(Given records begins)

lemma infdist_eq_norm_orth_proj_residual: "infdist w V = norm (w - orth_proj V w)"
proof (rule antisym)
  show "infdist w V \<le> norm (w - orth_proj V w)"
    using infdist_le[OF orth_proj_in[OF V], of w] by (simp add: dist_norm)
  have "norm (w - orth_proj V w) \<le> dist w a" if "a \<in> V" for a
  proof -
    have "orth_proj V w - a \<in> V"
      using V that orth_proj_in[OF V] by (simp add: closed_subspace_def subspace_diff)
    then have "orthogonal (w - orth_proj V w) (orth_proj V w - a)"
      using orth_proj_orthogonal[OF V] by (simp add: orthogonal_def)
    from norm_add_Pythagorean[OF this]
    have "(norm (w - orth_proj V w))\<^sup>2 \<le> (norm (w - a))\<^sup>2" by simp
    then show ?thesis unfolding dist_norm by (rule power2_le_imp_le) simp
  qed
  moreover have "V \<noteq> {}" using V subspace_0 by (auto simp: closed_subspace_def)
  ultimately show "norm (w - orth_proj V w) \<le> infdist w V"
    unfolding infdist_notempty[OF \<open>V \<noteq> {}\<close>] by (intro cINF_greatest)
qed

lemma orth_proj_orth_proj_subset:
  assumes "closed_subspace U" "U \<subseteq> V"
  shows "orth_proj U (orth_proj V w) = orth_proj U w"
proof -
  have "orth_proj U w = orth_proj U (orth_proj V w)"
  proof (rule orth_proj_eqI)
    show "subspace U" using assms(1) by (simp add: closed_subspace_def)
    show "orth_proj U (orth_proj V w) \<in> U" by (rule orth_proj_in[OF assms(1)])
    fix u assume "u \<in> U"
    then have "inner (w - orth_proj V w) u = 0"
      "inner (orth_proj V w - orth_proj U (orth_proj V w)) u = 0"
      using assms orth_proj_orthogonal[OF V] orth_proj_orthogonal[OF assms(1)] by auto
    then show "inner (w - orth_proj U (orth_proj V w)) u = 0"
      by (simp add: inner_diff_left)
  qed
  then show ?thesis ..
qed

end

lemma orth_proj_eq_orth_proj_orth_proj:
  fixes V W :: "'a::{real_inner,complete_space} set"
  assumes V: "closed_subspace V" and W: "closed_subspace W"
    and r: "\<And>x. x \<in> V \<Longrightarrow> inner r (x - orth_proj W x) = 0"
  shows "orth_proj V r = orth_proj V (orth_proj W r)"
proof -
  have "inner (r - orth_proj W r) x = 0" if "x \<in> V" for x
    using r[OF that] orth_proj_self_adjoint[OF W, of r x] by (simp add: inner_diff_left inner_diff_right)
  then have "orth_proj V (r - orth_proj W r) = 0" by (rule orth_proj_eq_0[OF V])
  then show ?thesis by (simp add: orth_proj_diff[OF V])
qed

section \<open>The Friedrichs angle\<close>

lemma diff_le_of_square_le:
  fixes B C H k :: real
  assumes "C \<le> k * B" "C\<^sup>2 \<le> H * B" "0 \<le> C" "C \<le> B" "0 \<le> H"
  shows "C - H \<le> k * (B - C)"
proof (cases "B = 0")
  case False
  then have "0 < B" using assms(3,4) by simp
  have "B * (C - H) \<le> C * (B - C)"
    using assms(2) by (simp add: algebra_simps power2_eq_square)
  also have "\<dots> \<le> (k * B) * (B - C)"
    using assms(1,4) by (intro mult_right_mono) auto
  finally show ?thesis
    using \<open>0 < B\<close> by (simp add: mult_le_cancel_left_pos mult.assoc mult.left_commute[of B])
qed (use assms in simp)

lemma cos_angle_commute: "cos_angle V W = cos_angle W V"
  unfolding cos_angle_def
  by (rule arg_cong[where f = Sup]) (fastforce simp: inner_commute)

lemma abs_inner_le_cos_angle:
  fixes V W :: "'a::real_inner set"
  assumes "subspace V" "subspace W" "x \<in> V" "y \<in> W" "x \<in> (V \<inter> W)\<^sup>\<bottom>" "y \<in> (V \<inter> W)\<^sup>\<bottom>"
  shows "\<bar>inner x y\<bar> \<le> cos_angle V W * norm x * norm y"
proof (cases "x = 0 \<or> y = 0")
  case False
  define A where "A = {\<bar>inner v1 v2\<bar> | v1 v2.
      v1 \<in> V \<and> v2 \<in> W \<and> norm v1 = 1 \<and> norm v2 = 1 \<and>
      (\<forall>u\<in>V \<inter> W. inner v1 u = 0) \<and> (\<forall>u\<in>V \<inter> W. inner v2 u = 0)}"
  have "\<bar>inner (x /\<^sub>R norm x) (y /\<^sub>R norm y)\<bar> \<in> A"
    using assms False unfolding A_def
    by (intro CollectI exI[of _ "x /\<^sub>R norm x"] exI[of _ "y /\<^sub>R norm y"])
       (auto simp: subspace_mul orthogonal_comp_def orthogonal_def inner_commute)
  moreover have "bdd_above A"
    unfolding A_def by (rule bdd_aboveI[of _ 1]) (auto intro: order_trans[OF Cauchy_Schwarz_ineq2])
  ultimately have "\<bar>inner (x /\<^sub>R norm x) (y /\<^sub>R norm y)\<bar> \<le> cos_angle V W"
    unfolding cos_angle_def A_def[symmetric] by (rule cSup_upper)
  then show ?thesis
    using False by (simp add: abs_mult divide_simps mult_ac)
qed auto

lemma exists_nonzero_in_orthogonal_comp:
  fixes U V :: "'a::{real_inner,complete_space} set"
  assumes "closed_subspace U" "subspace V" "U \<subseteq> V" "\<not> V \<subseteq> U"
  obtains x where "x \<in> V" "x \<in> U\<^sup>\<bottom>" "x \<noteq> 0"
proof -
  obtain v where v: "v \<in> V" "v \<notin> U" using assms(4) by blast
  show thesis
  proof
    show "v - orth_proj U v \<in> V"
      using assms(2,3) v(1) orth_proj_in[OF assms(1)] by (blast intro: subspace_diff)
    show "v - orth_proj U v \<in> U\<^sup>\<bottom>" by (rule orth_proj_residual_in_orthogonal_comp[OF assms(1)])
    show "v - orth_proj U v \<noteq> 0" using v(2) orth_proj_in[OF assms(1), of v] by force
  qed
qed

lemma cos_angle_nonneg:
  fixes V W :: "'a::{real_inner,complete_space} set"
  assumes V: "closed_subspace V" and W: "closed_subspace W" and "\<not> V \<subseteq> W" "\<not> W \<subseteq> V"
  shows "0 \<le> cos_angle V W"
proof -
  have VW: "closed_subspace (V \<inter> W)" using V W by (rule closed_subspace_Int)
  have sub: "subspace V" "subspace W" using V W by (auto simp: closed_subspace_def)
  obtain x where x: "x \<in> V" "x \<in> (V \<inter> W)\<^sup>\<bottom>" "x \<noteq> 0"
    using exists_nonzero_in_orthogonal_comp[OF VW sub(1)] assms(3) by blast
  obtain y where y: "y \<in> W" "y \<in> (V \<inter> W)\<^sup>\<bottom>" "y \<noteq> 0"
    using exists_nonzero_in_orthogonal_comp[OF VW sub(2)] assms(4) by blast
  have "0 \<le> cos_angle V W * (norm x * norm y)"
    using abs_inner_le_cos_angle[OF sub x(1) y(1) x(2) y(2)] abs_ge_zero[of "inner x y"]
    by (simp add: mult_ac)
  moreover have "0 < norm x * norm y" using x(3) y(3) by simp
  ultimately show ?thesis by (metis mult_neg_pos not_le)
qed

lemma norm_orth_proj_le_cos_angle:
  fixes V W :: "'a::{real_inner,complete_space} set"
  assumes V: "closed_subspace V" and W: "closed_subspace W" and e: "0 \<le> cos_angle V W"
    and y: "y \<in> W" "y \<in> (V \<inter> W)\<^sup>\<bottom>"
  shows "norm (orth_proj V y) \<le> cos_angle V W * norm y"
proof (cases "orth_proj V y = 0")
  case False
  have sub: "subspace V" "subspace W" using V W by (auto simp: closed_subspace_def)
  have p: "orth_proj V y \<in> V" "orth_proj V y \<in> (V \<inter> W)\<^sup>\<bottom>"
    using orth_proj_in[OF V] orth_proj_in_orthogonal_comp[OF V _ y(2)] by auto
  have "norm (orth_proj V y) * norm (orth_proj V y) = inner (orth_proj V y) y"
    using inner_orth_proj_self[OF V] by (simp add: power2_eq_square)
  also have "\<dots> \<le> cos_angle V W * norm (orth_proj V y) * norm y"
    using abs_inner_le_cos_angle[OF sub p(1) y(1) p(2) y(2)] by linarith
  finally have "norm (orth_proj V y) * norm (orth_proj V y) \<le> (cos_angle V W * norm y) * norm (orth_proj V y)"
    by (simp add: mult_ac)
  then show ?thesis using False by (simp add: mult_le_cancel_right)
qed (use e in simp)

lemma norm_orth_proj_residual_le_cos_angle:
  fixes V W :: "'a::{real_inner,complete_space} set"
  assumes V: "closed_subspace V" and W: "closed_subspace W" and e: "0 \<le> cos_angle V W"
    and b: "b \<in> W" "b \<in> (V \<inter> W)\<^sup>\<bottom>"
  shows "norm (orth_proj V b - orth_proj W (orth_proj V b)) \<le> cos_angle V W * norm (b - orth_proj V b)"
proof -
  define c where "c = orth_proj V b"
  define h where "h = orth_proj W c"
  have c_h: "(norm (c - h))\<^sup>2 = (norm c)\<^sup>2 - (norm h)\<^sup>2"
    using norm_orth_proj_pythagoras[OF W, of c] by (simp add: h_def)
  have b_c: "(norm (b - c))\<^sup>2 = (norm b)\<^sup>2 - (norm c)\<^sup>2"
    using norm_orth_proj_pythagoras[OF V, of b] by (simp add: c_def)
  have "norm c \<le> cos_angle V W * norm b"
    unfolding c_def by (rule norm_orth_proj_le_cos_angle[OF V W e b])
  from power_mono[OF this norm_ge_zero, of 2]
  have c_le: "(norm c)\<^sup>2 \<le> (cos_angle V W)\<^sup>2 * (norm b)\<^sup>2"
    by (simp add: power_mult_distrib)
  \<comment> \<open>\<open>|c|\<^sup>2 = \<langle>c, b\<rangle> = \<langle>h, b\<rangle>\<close> because \<open>b \<in> W\<close>\<close>
  have "(norm c)\<^sup>2 = inner h b"
    using inner_orth_proj_self[OF V, of b] orth_proj_self_adjoint[OF W, of c b] orth_proj_id[OF W b(1)]
    by (simp add: c_def h_def inner_commute)
  then have "(norm c)\<^sup>2 \<le> norm h * norm b"
    using norm_cauchy_schwarz[of h b] by simp
  from power_mono[OF this zero_le_power2, of 2]
  have c_h_b: "((norm c)\<^sup>2)\<^sup>2 \<le> (norm h)\<^sup>2 * (norm b)\<^sup>2"
    by (simp add: power_mult_distrib)
  have "(norm c)\<^sup>2 - (norm h)\<^sup>2 \<le> (cos_angle V W)\<^sup>2 * ((norm b)\<^sup>2 - (norm c)\<^sup>2)"
    using c_le c_h_b b_c zero_le_power2[of "norm (b - c)"]
    by (intro diff_le_of_square_le) (auto simp: mult.commute)
  then have "(norm (c - h))\<^sup>2 \<le> (cos_angle V W * norm (b - c))\<^sup>2"
    by (simp add: c_h b_c power_mult_distrib)
  then show ?thesis
    unfolding c_def h_def by (rule power2_le_imp_le) (use e in simp)
qed

lemma abs_inner_orth_proj_residual_le_cos_angle:
  fixes V W :: "'a::{real_inner,complete_space} set"
  assumes V: "closed_subspace V" and W: "closed_subspace W" and e: "0 \<le> cos_angle V W"
    and u: "u \<in> W\<^sup>\<bottom>" and b: "b \<in> W"
  shows "\<bar>inner u (b - orth_proj V b)\<bar> \<le> cos_angle V W * norm u * norm (b - orth_proj V b)"
proof -
  have VW: "closed_subspace (V \<inter> W)" using V W by (rule closed_subspace_Int)
  define b' where "b' = b - orth_proj (V \<inter> W) b"
  define c where "c = orth_proj V b'"
  have b': "b' \<in> W" "b' \<in> (V \<inter> W)\<^sup>\<bottom>"
    using W b orth_proj_in[OF VW, of b] orth_proj_residual_in_orthogonal_comp[OF VW]
    by (auto simp: b'_def closed_subspace_def subspace_diff)
  have residual: "b - orth_proj V b = b' - c"
    using orth_proj_in[OF VW, of b] orth_proj_id[OF V, of "orth_proj (V \<inter> W) b"]
    by (simp add: b'_def c_def orth_proj_diff[OF V])
  have "inner u b' = 0" "inner u (orth_proj W c) = 0"
    using u b'(1) orth_proj_in[OF W, of c] by (auto simp: orthogonal_comp_def orthogonal_def inner_commute)
  then have "\<bar>inner u (b' - c)\<bar> = \<bar>inner u (c - orth_proj W c)\<bar>"
    by (simp add: inner_diff_right)
  also have "\<dots> \<le> norm u * norm (c - orth_proj W c)"
    by (rule Cauchy_Schwarz_ineq2)
  also have "\<dots> \<le> norm u * (cos_angle V W * norm (b' - c))"
    unfolding c_def by (intro mult_left_mono norm_orth_proj_residual_le_cos_angle[OF V W e b']) simp
  finally show ?thesis
    unfolding residual by (simp add: mult_ac)
qed

section \<open>The quadratic form of \<open>M\<^sup>-\<^sup>1\<close>\<close>

lemma matrix_inv_eqI:
  fixes A :: "'a::semiring_1^'n^'n"
  assumes "A ** B = mat 1" "B ** A = mat 1"
  shows "matrix_inv A = B"
proof -
  have "A ** matrix_inv A = mat 1"
    unfolding matrix_inv_def by (rule someI2[of _ B]) (use assms in auto)
  then show ?thesis
    by (metis assms(2) matrix_mul_assoc matrix_mul_lid matrix_mul_rid)
qed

(Given records ends)

Description of the task ▸
Set down each line of the material verbatim, from the first line through the line that contains "(simp add: closed_subspace_def)".

The completed task ▸
lemma infdist_eq_norm_orth_proj_residual: "infdist w V = norm (w - orth_proj V w)"
proof (rule antisym)
  show "infdist w V \<le> norm (w - orth_proj V w)"
    using infdist_le[OF orth_proj_in[OF V], of w] by (simp add: dist_norm)
  have "norm (w - orth_proj V w) \<le> dist w a" if "a \<in> V" for a
  proof -
    have "orth_proj V w - a \<in> V"
      using V that orth_proj_in[OF V] by (simp add: closed_subspace_def subspace_diff)
    then have "orthogonal (w - orth_proj V w) (orth_proj V w - a)"
      using orth_proj_orthogonal[OF V] by (simp add: orthogonal_def)
    from norm_add_Pythagorean[OF this]
    have "(norm (w - orth_proj V w))\<^sup>2 \<le> (norm (w - a))\<^sup>2" by simp
    then show ?thesis unfolding dist_norm by (rule power2_le_imp_le) simp
  qed
  moreover have "V \<noteq> {}" using V subspace_0 by (auto simp: closed_subspace_def)
  ultimately show "norm (w - orth_proj V w) \<le> infdist w V"
    unfolding infdist_notempty[OF \<open>V \<noteq> {}\<close>] by (intro cINF_greatest)
qed

lemma orth_proj_orth_proj_subset:
  assumes "closed_subspace U" "U \<subseteq> V"
  shows "orth_proj U (orth_proj V w) = orth_proj U w"
proof -
  have "orth_proj U w = orth_proj U (orth_proj V w)"
  proof (rule orth_proj_eqI)
    show "subspace U" using assms(1) by (simp add: closed_subspace_def)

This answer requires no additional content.